Step 3: Configure Review Rules
Customize what the agents check based on your project:
{
"language": "typescript",
"framework": "next.js",
"styleGuide": "eslint-config-next",
"securityRules": ["no-secrets", "no-sql-concat", "auth-required"],
"requiredTestCoverage": 80,
"maxFunctionLength": 50,
"maxFileLength": 300
}
Include these rules in the task description when creating review tasks.
Step 4: Run Your First Review
Assign a task with the code diff:
Review this pull request diff for the authentication module:
[paste diff]
Focus on security vulnerabilities and error handling.
Each agent produces a structured review with categorized findings.

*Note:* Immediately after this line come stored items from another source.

(* Let $X$ be a random variable taking values in a set $\mathcal{X}$, $Y \in [0,1]$ a target outcome, and $H$ a random variable (expert feedback) taking values in an arbitrary domain $\mathcal{H}$, all jointly distributed. Let $\mathcal{F}$ be a class of functions $\mathcal{X} \to [0,1]$, $\alpha \ge 0$, and let $S \subseteq \mathcal{X}$ be $\alpha$-indistinguishable with respect to $\mathcal{F}$ and $Y$. Let $g : \mathcal{H} \to [0,1]$ satisfy, for some $\eta \ge 0$ and all $\beta, \gamma \in \mathbb{R}$, $$\mathbb{E}_S[(Y - g(H))^2] \le \mathbb{E}_S[(Y - \gamma - \beta g(H))^2] + \eta.$$ Then for every $f \in \mathcal{F}$, $$\mathbb{E}_S[(Y - g(H))^2] + 4\,\mathrm{Cov}_S(Y, g(H))^2 \le \mathbb{E}_S[(Y - f(X))^2] + 2\alpha + \eta.$$
   Context: For $S \subseteq \mathcal{X}$ with $\mathbb{P}(X \in S) > 0$, $\mathbb{E}_S$ and $\mathrm{Cov}_S$ denote expectation and covariance conditional on $\{X \in S\}$. A set $S \subseteq \mathcal{X}$ is $\alpha$-indistinguishable with respect to $\mathcal{F}$ and $Y$ if $|\mathrm{Cov}(f(X), Y \mid X \in S)| \le \alpha$ for all $f \in \mathcal{F}$. *)

theory Defs
  imports "HOL-Probability.Probability"
begin

definition cond_exp_on :: "'a measure \<Rightarrow> 'a set \<Rightarrow> ('a \<Rightarrow> real) \<Rightarrow> real" where
  "cond_exp_on M A Z = (\<integral>\<omega>. indicator A \<omega> * Z \<omega> \<partial>M) / measure M A"

definition cond_cov_on :: "'a measure \<Rightarrow> 'a set \<Rightarrow> ('a \<Rightarrow> real) \<Rightarrow> ('a \<Rightarrow> real) \<Rightarrow> real" where
  "cond_cov_on M A Z W =
     cond_exp_on M A (\<lambda>\<omega>. Z \<omega> * W \<omega>) - cond_exp_on M A Z * cond_exp_on M A W"

definition indistinguishable ::
  "'a measure \<Rightarrow> ('a \<Rightarrow> 'x) \<Rightarrow> ('a \<Rightarrow> real) \<Rightarrow> ('x \<Rightarrow> real) set \<Rightarrow> real \<Rightarrow> 'x set \<Rightarrow> bool" where
  "indistinguishable M X Y F \<alpha> S \<longleftrightarrow>
     (\<forall>f\<in>F. \<bar>cond_cov_on M (X -` S \<inter> space M) (\<lambda>\<omega>. f (X \<omega>)) Y\<bar> \<le> \<alpha>)"

end

theory Submission
  imports Defs
begin

text \<open>Write \<open>E\<close>, \<open>Var\<close> and \<open>Cov\<close> for the moments conditional on \<open>X \<in> S\<close>, \<open>G = g(H)\<close> and
  \<open>c = Cov(Y, G)\<close>. Choosing \<open>\<beta> = 4c\<close> and \<open>\<gamma> = E(Y - \<beta>G)\<close> in the hypothesis on \<open>g\<close> bounds
  \<open>E(Y - G)\<^sup>2 - \<eta>\<close> by \<open>Var(Y - \<beta>G) = Var Y - 8c\<^sup>2 + 16c\<^sup>2 Var G \<le> Var Y - 4c\<^sup>2\<close>, because a
  \<open>[0,1]\<close>-valued variable has variance at most \<open>1/4\<close>. On the other hand
  \<open>E(Y - f(X))\<^sup>2 \<ge> Var(Y - f(X)) = Var Y - 2 Cov(Y, f(X)) + Var f(X) \<ge> Var Y - 2\<alpha>\<close>
  by indistinguishability.\<close>

definition bounded_rv :: "'a measure \<Rightarrow> ('a \<Rightarrow> real) \<Rightarrow> bool" where
  "bounded_rv M Z \<longleftrightarrow> Z \<in> borel_measurable M \<and> (\<exists>B. \<forall>\<omega>\<in>space M. \<bar>Z \<omega>\<bar> \<le> B)"

lemma bounded_rv_const [simp]: "bounded_rv M (\<lambda>\<omega>. c)"
  unfolding bounded_rv_def by auto

lemma bounded_rv_unit_interval:
  "Z \<in> borel_measurable M \<Longrightarrow> (\<And>\<omega>. \<omega> \<in> space M \<Longrightarrow> Z \<omega> \<in> {0..1}) \<Longrightarrow> bounded_rv M Z"
  unfolding bounded_rv_def by (auto intro!: exI[of _ 1])

lemma bounded_rv_add [simp]:
  "bounded_rv M Z \<Longrightarrow> bounded_rv M W \<Longrightarrow> bounded_rv M (\<lambda>\<omega>. Z \<omega> + W \<omega>)"
  unfolding bounded_rv_def
  by (auto intro!: exI[of _ "_ + _"] order.trans[OF abs_triangle_ineq] add_mono)

lemma bounded_rv_diff [simp]:
  "bounded_rv M Z \<Longrightarrow> bounded_rv M W \<Longrightarrow> bounded_rv M (\<lambda>\<omega>. Z \<omega> - W \<omega>)"
  unfolding bounded_rv_def
  by (auto intro!: exI[of _ "_ + _"] order.trans[OF abs_triangle_ineq4] add_mono)

lemma bounded_rv_mult [simp]:
  "bounded_rv M Z \<Longrightarrow> bounded_rv M W \<Longrightarrow> bounded_rv M (\<lambda>\<omega>. Z \<omega> * W \<omega>)"
  unfolding bounded_rv_def abs_mult
  by (auto intro!: exI[of _ "_ * _"] mult_mono order.trans[OF abs_ge_zero])

lemmas bounded_rv_closed = bounded_rv_const bounded_rv_add bounded_rv_diff bounded_rv_mult

lemma (in finite_measure) integrable_bounded_rv: "bounded_rv M Z \<Longrightarrow> integrable M Z"
  unfolding bounded_rv_def by (metis AE_I2 integrable_const_bound real_norm_def)

lemma cond_exp_on_cmult: "cond_exp_on M A (\<lambda>\<omega>. c * Z \<omega>) = c * cond_exp_on M A Z"
  unfolding cond_exp_on_def by (simp add: mult.left_commute[of _ c])

lemma cond_exp_on_nonneg: "(\<And>\<omega>. \<omega> \<in> space M \<Longrightarrow> 0 \<le> Z \<omega>) \<Longrightarrow> 0 \<le> cond_exp_on M A Z"
  unfolding cond_exp_on_def by (intro divide_nonneg_nonneg integral_nonneg) auto

context
  fixes M :: "'a measure" and A :: "'a set"
  assumes A_sets: "A \<in> sets M"
begin

lemma cond_exp_on_add:
  "integrable M Z \<Longrightarrow> integrable M W \<Longrightarrow>
    cond_exp_on M A (\<lambda>\<omega>. Z \<omega> + W \<omega>) = cond_exp_on M A Z + cond_exp_on M A W"
  unfolding cond_exp_on_def
  by (simp add: distrib_left add_divide_distrib integrable_real_mult_indicator A_sets
      mult.commute[of "indicator A _"])

lemma cond_exp_on_diff:
  "integrable M Z \<Longrightarrow> integrable M W \<Longrightarrow>
    cond_exp_on M A (\<lambda>\<omega>. Z \<omega> - W \<omega>) = cond_exp_on M A Z - cond_exp_on M A W"
  unfolding cond_exp_on_def
  by (simp add: right_diff_distrib diff_divide_distrib integrable_real_mult_indicator A_sets
      mult.commute[of "indicator A _"])

lemma cond_exp_on_const: "measure M A \<noteq> 0 \<Longrightarrow> cond_exp_on M A (\<lambda>\<omega>. c) = c"
  unfolding cond_exp_on_def using A_sets by (simp add: Int_absorb2 sets.sets_into_space)

end

abbreviation cond_var_on :: "'a measure \<Rightarrow> 'a set \<Rightarrow> ('a \<Rightarrow> real) \<Rightarrow> real" where
  "cond_var_on M A Z \<equiv> cond_cov_on M A Z Z"

lemma cond_cov_on_commute: "cond_cov_on M A Z W = cond_cov_on M A W Z"
  unfolding cond_cov_on_def by (simp add: mult.commute)

context
  fixes M :: "'a measure" and A :: "'a set"
  assumes finite: "finite_measure M" and A_sets: "A \<in> sets M" and A_nonnull: "measure M A \<noteq> 0"
begin

lemmas cond_exp_on_linear =
  cond_exp_on_add[OF A_sets] cond_exp_on_diff[OF A_sets] cond_exp_on_cmult
  cond_exp_on_const[OF A_sets A_nonnull] finite_measure.integrable_bounded_rv[OF finite]

lemma cond_exp_on_square_diff_const:
  assumes "bounded_rv M Z"
  shows "cond_exp_on M A (\<lambda>\<omega>. (Z \<omega> - a)\<^sup>2) = cond_var_on M A Z + (cond_exp_on M A Z - a)\<^sup>2"
proof -
  have "(\<lambda>\<omega>. (Z \<omega> - a)\<^sup>2) = (\<lambda>\<omega>. Z \<omega> * Z \<omega> - 2 * a * Z \<omega> + a\<^sup>2)"
    by (simp add: power2_eq_square algebra_simps)
  then have "cond_exp_on M A (\<lambda>\<omega>. (Z \<omega> - a)\<^sup>2)
      = cond_exp_on M A (\<lambda>\<omega>. Z \<omega> * Z \<omega>) - 2 * a * cond_exp_on M A Z + a\<^sup>2"
    using assms by (simp only: cond_exp_on_linear bounded_rv_closed)
  then show ?thesis
    by (simp add: cond_cov_on_def power2_eq_square algebra_simps)
qed

lemma cond_var_on_nonneg: "bounded_rv M Z \<Longrightarrow> 0 \<le> cond_var_on M A Z"
  using cond_exp_on_square_diff_const[of Z "cond_exp_on M A Z"]
    cond_exp_on_nonneg[where Z="\<lambda>\<omega>. (Z \<omega> - cond_exp_on M A Z)\<^sup>2" and M=M and A=A]
  by simp

lemma cond_var_on_diff_scaled:
  assumes "bounded_rv M Z" "bounded_rv M W"
  shows "cond_var_on M A (\<lambda>\<omega>. Z \<omega> - b * W \<omega>)
    = cond_var_on M A Z - 2 * b * cond_cov_on M A Z W + b\<^sup>2 * cond_var_on M A W"
proof -
  have "(\<lambda>\<omega>. (Z \<omega> - b * W \<omega>) * (Z \<omega> - b * W \<omega>))
      = (\<lambda>\<omega>. Z \<omega> * Z \<omega> - 2 * b * (Z \<omega> * W \<omega>) + b\<^sup>2 * (W \<omega> * W \<omega>))"
    by (simp add: power2_eq_square algebra_simps)
  then have square: "cond_exp_on M A (\<lambda>\<omega>. (Z \<omega> - b * W \<omega>) * (Z \<omega> - b * W \<omega>))
      = cond_exp_on M A (\<lambda>\<omega>. Z \<omega> * Z \<omega>) - 2 * b * cond_exp_on M A (\<lambda>\<omega>. Z \<omega> * W \<omega>)
        + b\<^sup>2 * cond_exp_on M A (\<lambda>\<omega>. W \<omega> * W \<omega>)"
    using assms by (simp only: cond_exp_on_linear bounded_rv_closed)
  have mean: "cond_exp_on M A (\<lambda>\<omega>. Z \<omega> - b * W \<omega>) = cond_exp_on M A Z - b * cond_exp_on M A W"
    using assms by (simp only: cond_exp_on_linear bounded_rv_closed)
  show ?thesis
    unfolding cond_cov_on_def square mean by (simp add: power2_eq_square algebra_simps)
qed

lemma cond_var_on_le_quarter:
  assumes "W \<in> borel_measurable M" "\<And>\<omega>. \<omega> \<in> space M \<Longrightarrow> W \<omega> \<in> {0..1}"
  shows "cond_var_on M A W \<le> 1/4"
proof -
  have W: "bounded_rv M W"
    using assms by (rule bounded_rv_unit_interval)
  have "0 \<le> cond_exp_on M A (\<lambda>\<omega>. W \<omega> - W \<omega> * W \<omega>)"
    using assms(2) by (intro cond_exp_on_nonneg) (simp add: mult_left_le)
  then have "cond_exp_on M A (\<lambda>\<omega>. W \<omega> * W \<omega>) \<le> cond_exp_on M A W"
    using W by (simp only: cond_exp_on_linear bounded_rv_closed)
  moreover have "0 \<le> (cond_exp_on M A W - 1/2)\<^sup>2"
    by simp
  ultimately show ?thesis
    unfolding cond_cov_on_def by (simp add: power2_eq_square algebra_simps)
qed

lemma cond_var_on_sub_le_cond_exp_square_diff:
  assumes "bounded_rv M Z" "bounded_rv M W"
  shows "cond_var_on M A Z - 2 * cond_cov_on M A Z W \<le> cond_exp_on M A (\<lambda>\<omega>. (Z \<omega> - W \<omega>)\<^sup>2)"
proof -
  have "cond_var_on M A Z - 2 * cond_cov_on M A Z W \<le> cond_var_on M A (\<lambda>\<omega>. Z \<omega> - 1 * W \<omega>)"
    using assms cond_var_on_diff_scaled[of Z W 1] cond_var_on_nonneg[of W] by simp
  also have "\<dots> \<le> cond_exp_on M A (\<lambda>\<omega>. (Z \<omega> - W \<omega>)\<^sup>2)"
    using assms cond_exp_on_square_diff_const[of "\<lambda>\<omega>. Z \<omega> - W \<omega>" 0] by simp
  finally show ?thesis .
qed

lemma cond_var_on_regression_residual_le:
  assumes "bounded_rv M Z" "W \<in> borel_measurable M" "\<And>\<omega>. \<omega> \<in> space M \<Longrightarrow> W \<omega> \<in> {0..1}"
  defines "c \<equiv> cond_cov_on M A Z W"
  shows "cond_var_on M A (\<lambda>\<omega>. Z \<omega> - 4 * c * W \<omega>) \<le> cond_var_on M A Z - 4 * c\<^sup>2"
proof -
  have "cond_var_on M A (\<lambda>\<omega>. Z \<omega> - 4 * c * W \<omega>)
      = cond_var_on M A Z - 8 * c\<^sup>2 + 16 * c\<^sup>2 * cond_var_on M A W"
    using cond_var_on_diff_scaled[OF assms(1) bounded_rv_unit_interval[OF assms(2,3)]]
    by (simp add: c_def power2_eq_square)
  also have "\<dots> \<le> cond_var_on M A Z - 8 * c\<^sup>2 + 16 * c\<^sup>2 * (1/4)"
    using cond_var_on_le_quarter[OF assms(2,3)] by (intro add_left_mono mult_left_mono) auto
  finally show ?thesis by simp
qed

end

theorem corollary1:
  fixes M :: "'a measure" and MX :: "'x measure" and MH :: "'h measure"
    and X :: "'a \<Rightarrow> 'x" and Y :: "'a \<Rightarrow> real" and H :: "'a \<Rightarrow> 'h"
    and F :: "('x \<Rightarrow> real) set" and g :: "'h \<Rightarrow> real"
    and S :: "'x set" and \<alpha> \<eta> :: real
  assumes "prob_space M"
    and "X \<in> measurable M MX" and "H \<in> measurable M MH" and "Y \<in> borel_measurable M"
    and "\<And>\<omega>. \<omega> \<in> space M \<Longrightarrow> Y \<omega> \<in> {0..1}"
    and "\<And>f. f \<in> F \<Longrightarrow> f \<in> borel_measurable MX \<and> (\<forall>x\<in>space MX. f x \<in> {0..1})"
    and "\<alpha> \<ge> 0"
    and "S \<in> sets MX" and "measure M (X -` S \<inter> space M) > 0"
    and "indistinguishable M X Y F \<alpha> S"
    and "g \<in> borel_measurable MH" and "\<And>h. h \<in> space MH \<Longrightarrow> g h \<in> {0..1}"
    and "\<eta> \<ge> 0"
    and "\<And>\<beta> \<gamma>. cond_exp_on M (X -` S \<inter> space M) (\<lambda>\<omega>. (Y \<omega> - g (H \<omega>))\<^sup>2)
              \<le> cond_exp_on M (X -` S \<inter> space M) (\<lambda>\<omega>. (Y \<omega> - \<gamma> - \<beta> * g (H \<omega>))\<^sup>2) + \<eta>"
  shows "\<forall>f\<in>F.
    cond_exp_on M (X -` S \<inter> space M) (\<lambda>\<omega>. (Y \<omega> - g (H \<omega>))\<^sup>2)
      + 4 * (cond_cov_on M (X -` S \<inter> space M) Y (\<lambda>\<omega>. g (H \<omega>)))\<^sup>2
    \<le> cond_exp_on M (X -` S \<inter> space M) (\<lambda>\<omega>. (Y \<omega> - f (X \<omega>))\<^sup>2) + 2 * \<alpha> + \<eta>"
proof
  fix f assume "f \<in> F"
  let ?A = "X -` S \<inter> space M" and ?G = "\<lambda>\<omega>. g (H \<omega>)"
  let ?c = "cond_cov_on M ?A Y ?G"
  let ?R = "\<lambda>\<omega>. Y \<omega> - 4 * ?c * ?G \<omega>"
  have finite: "finite_measure M"
    using assms(1) by (simp add: prob_space_def)
  have A: "?A \<in> sets M" "measure M ?A \<noteq> 0"
    using assms(2,8,9) by auto
  have Y: "bounded_rv M Y"
    using assms(4,5) by (rule bounded_rv_unit_interval)
  have G: "?G \<in> borel_measurable M" "\<And>\<omega>. \<omega> \<in> space M \<Longrightarrow> ?G \<omega> \<in> {0..1}"
    using assms(3,11,12) measurable_space[OF assms(3)] by auto
  have fX: "bounded_rv M (\<lambda>\<omega>. f (X \<omega>))"
    using assms(2) assms(6)[OF \<open>f \<in> F\<close>] measurable_space[OF assms(2)]
    by (intro bounded_rv_unit_interval) auto
  have "(\<lambda>\<omega>. (Y \<omega> - cond_exp_on M ?A ?R - 4 * ?c * ?G \<omega>)\<^sup>2)
      = (\<lambda>\<omega>. (?R \<omega> - cond_exp_on M ?A ?R)\<^sup>2)"
    by (simp add: algebra_simps)
  then have "cond_exp_on M ?A (\<lambda>\<omega>. (Y \<omega> - ?G \<omega>)\<^sup>2) \<le> cond_var_on M ?A ?R + \<eta>"
    using assms(14)[of "cond_exp_on M ?A ?R" "4 * ?c"]
      cond_exp_on_square_diff_const[OF finite A, of ?R] Y bounded_rv_unit_interval[OF G]
    by simp
  also have "\<dots> \<le> cond_var_on M ?A Y - 4 * ?c\<^sup>2 + \<eta>"
    using cond_var_on_regression_residual_le[OF finite A Y G] by simp
  also have "\<dots> \<le> cond_exp_on M ?A (\<lambda>\<omega>. (Y \<omega> - f (X \<omega>))\<^sup>2) + 2 * \<alpha> - 4 * ?c\<^sup>2 + \<eta>"
    using cond_var_on_sub_le_cond_exp_square_diff[OF finite A Y fX] \<open>f \<in> F\<close> assms(10)
    by (auto simp: indistinguishable_def cond_cov_on_commute abs_le_iff)
  finally show "cond_exp_on M ?A (\<lambda>\<omega>. (Y \<omega> - ?G \<omega>)\<^sup>2) + 4 * ?c\<^sup>2
      \<le> cond_exp_on M ?A (\<lambda>\<omega>. (Y \<omega> - f (X \<omega>))\<^sup>2) + 2 * \<alpha> + \<eta>"
    by simp
qed

end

Step 5: Integrate with Your Workflow
Pre-Merge Gate
Run AI review before human review:
Developer opens PR → AI review runs → Comments posted → Human reviewer checks remaining issues
Continuous Improvement
Track which issues the AI catches consistently and adjust rules:
- If the AI misses certain bug patterns, add specific checks to the prompt
- If the AI produces too many false positives, narrow the scope
- Update style rules as your codebase evolves
Cost Analysis
| Review Type | Tokens (avg) | Cost per Review |
|---|---|---|
| Small PR (< 100 lines) | ~3,000 in / 1,500 out | $0.02 |
| Medium PR (100-500 lines) | ~8,000 in / 3,000 out | $0.05 |
| Large PR (500+ lines) | ~15,000 in / 5,000 out | $0.10 |
For a team doing 20 reviews per week, the monthly cost is approximately $2-8. Compare to the senior engineer time saved: 3-5 hours per week at $75-150/hour.
FAQ
Does AI code review replace human review?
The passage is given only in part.